The episode also received a rating of 4 out of 5 stars from David Crow of Den of Geek, James Hunt of Screen Rant, Haley Whitmire White of TV Fanatic, and Jonathan Wilson of Ready Steady Cut. Hunt considered it "one of the strongest installments of the season, and offers a sense of momentum heading into the end of the season" and praised the payoff of Daemon's story with the Riverlords, while Wilson summarized his review by saying, "A very solid penultimate episode lays the groundwork for an explosive finale." Writing for GamesRadar+, Molly Edwards rated the episode 3.5 out of 5 stars and wrote in her verdict: "Not quite as explosive as a traditional penultimate episode, but [it] certainly brings the fire and blood with its brutal dragon action – and sets the board for what should be an epic finale."
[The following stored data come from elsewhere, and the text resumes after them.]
lemma lookup_mult_single_one:
  fixes f g :: "('v \<Rightarrow>\<^sub>0 nat) \<Rightarrow>\<^sub>0 'k::comm_semiring_0" and v :: 'v
  defines "k \<equiv> Poly_Mapping.single v 1"
  shows "Poly_Mapping.lookup (f * g) k =
    Poly_Mapping.lookup f 0 * Poly_Mapping.lookup g k + Poly_Mapping.lookup f k * Poly_Mapping.lookup g 0"
proof -
  have "k \<noteq> 0"
    by (metis k_def lookup_single_eq lookup_zero zero_neq_one)
  have "k = l + q \<longleftrightarrow> (l = 0 \<and> q = k) \<or> (l = k \<and> q = 0)" for l q
    unfolding k_def by (metis poly_mapping_add_eq_single_one_iff)
  then have "(\<Sum>q. Poly_Mapping.lookup g q when k = l + q) =
      (Poly_Mapping.lookup g k when l = 0) + (Poly_Mapping.lookup g 0 when l = k)" for l
    using \<open>k \<noteq> 0\<close> by (auto simp: when_def)
  then have "Poly_Mapping.lookup (f * g) k = (\<Sum>l.
      Poly_Mapping.lookup f l * ((Poly_Mapping.lookup g k when l = 0) + (Poly_Mapping.lookup g 0 when l = k)))"
    by (simp only: lookup_mult)
  also have "\<dots> = (\<Sum>l\<in>{0, k}.
      Poly_Mapping.lookup f l * ((Poly_Mapping.lookup g k when l = 0) + (Poly_Mapping.lookup g 0 when l = k)))"
    by (rule Sum_any.expand_superset) (auto simp: when_def)
  also have "\<dots> =
      Poly_Mapping.lookup f 0 * Poly_Mapping.lookup g k + Poly_Mapping.lookup f k * Poly_Mapping.lookup g 0"
    using \<open>k \<noteq> 0\<close> by simp
  finally show ?thesis .
qed
lemma tail_average_less:
  fixes f :: "real \<Rightarrow> real"
  assumes "u < v" "v < w" and f: "f integrable_on {u..w}" and dec: "strict_antimono_on {u..w} f"
  shows "(w - u) * integral {v..w} f < (w - v) * integral {u..w} f"
proof -
  have upper: "integral {v..w} f \<le> (w - v) * f v"
    using integral_le[where f=f and S="{v..w}" and g="\<lambda>_. f v"]
      integrable_subinterval_real[OF f, of v w] assms
    by (force simp: monotone_on_def less_eq_real_def)
  have lower: "(v - u) * f v < integral {u..v} f"
    using integral_gt_if_strict_antimono[of u v f] integrable_subinterval_real[OF f, of u v]
      monotone_on_subset[OF dec, of "{u..v}"] assms by auto
  have combine: "integral {u..v} f + integral {v..w} f = integral {u..w} f"
    using Henstock_Kurzweil_Integration.integral_combine[of u v w f] assms by simp
  have "(v - u) * integral {v..w} f \<le> (v - u) * ((w - v) * f v)"
    using upper assms by (intro mult_left_mono) auto
  also have "\<dots> = (w - v) * ((v - u) * f v)"
    by simp
  also have "\<dots> < (w - v) * integral {u..v} f"
    using lower assms by simp
  finally show ?thesis
    unfolding combine[symmetric] by (simp add: algebra_simps)
qed

section \<open>Density of the first disruption\<close>

locale intensity =
  fixes lam :: "real \<Rightarrow> real"
  assumes nonneg: "\<And>t. 0 \<le> t \<Longrightarrow> 0 \<le> lam t"
    and integrable: "\<And>t. 0 \<le> t \<Longrightarrow> lam integrable_on {0..t}"
begin

abbreviation Lam :: "real \<Rightarrow> real" where
  "Lam t \<equiv> integral {0..t} lam"

lemma integrable_on_Icc: "0 \<le> u \<Longrightarrow> lam integrable_on {u..v}"
  using integrable[of v] integrable_subinterval_real[of lam 0 v u v]
  by (cases "u \<le> v") auto

lemma integral_Icc_eq_Lam_diff: "0 \<le> r \<Longrightarrow> r \<le> t \<Longrightarrow> integral {r..t} lam = Lam t - Lam r"
  using integral_Icc_diff[of lam 0 t r] integrable[of t] by simp

lemma Lam_mono: "0 \<le> r \<Longrightarrow> r \<le> t \<Longrightarrow> Lam r \<le> Lam t"
  using integral_Icc_eq_Lam_diff[of r t] integral_nonneg[OF integrable_on_Icc[of r t]] nonneg
  by force

lemma continuous_on_Lam: "0 \<le> u \<Longrightarrow> continuous_on {u..v} Lam"
  using continuous_on_subset[OF indefinite_integral_continuous_1[OF integrable[of v]]]
  by (cases "u \<le> v") auto

lemma pdens_nonneg: "0 \<le> s \<Longrightarrow> 0 \<le> pdens lam s"
  using nonneg by (simp add: pdens_def)

lemma pdens_integrable_on_Icc:
  assumes "0 \<le> u"
  shows "pdens lam integrable_on {u..v}"
proof -
  have "continuous_on {u..v} (\<lambda>s. exp (- Lam s))"
    using continuous_on_Lam[OF assms] by (intro continuous_intros)
  then have "(\<lambda>s. exp (- Lam s) * lam s) integrable_on {u..v}"
    by (rule integrable_continuous_mult_nonneg[OF integrable_on_Icc[OF assms], rotated])
      (use nonneg assms in auto)
  then show ?thesis
    by (simp add: pdens_def[abs_def] mult.commute)
qed

lemma integral_pdens_le:
  assumes "0 \<le> r" "r \<le> t"
  shows "integral {r..t} (pdens lam) \<le> exp (- Lam r) * (Lam t - Lam r)"
proof -
  have "integral {r..t} (pdens lam) \<le> integral {r..t} (\<lambda>s. exp (- Lam r) * lam s)"
  proof (rule integral_le)
    show "pdens lam integrable_on {r..t}"
      using pdens_integrable_on_Icc assms by auto
    show "(\<lambda>s. exp (- Lam r) * lam s) integrable_on {r..t}"
      using integrable_on_Icc[of r t] assms by (simp add: integrable_on_cmult_left)
    show "pdens lam s \<le> exp (- Lam r) * lam s" if "s \<in> {r..t}" for s
      using Lam_mono[of r s] nonneg[of s] that assms
      by (simp add: pdens_def mult_left_mono mult.commute)
  qed
  then show ?thesis
    using integral_Icc_eq_Lam_diff[OF assms] by simp
qed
The performances of the cast received critical praise, particularly those of D'Arcy, Cooke, Collett, and Archie Barnes. Both James Hunt and Kayleigh Dray called D'Arcy's performance "brilliant", with Hunt also noting, "A lot of praise must also go to Collett, who gives his best performance yet as Jace." Molly Edwards said of Cooke that she was "excellent at subtly portraying Alicent's deeply buried distress." TVLine named Barnes as an honorable mention as the "Performer of the Week" for the week of August 3, 2024, for his performance in the episode, calling him a "scene-stealer" and stating that "Barnes imbued his character with both genuine modesty and surprising aplomb, every line reading more deliciously authoritative than the last."

The storyline involving the claiming of Vermithor and Silverwing, as well as their scenes with Ulf and Hugh, received significant praise, with Carly Lane calling it "some of the best scenes in the entire series to date." Additionally, the final shot was also a subject of praise from several critics.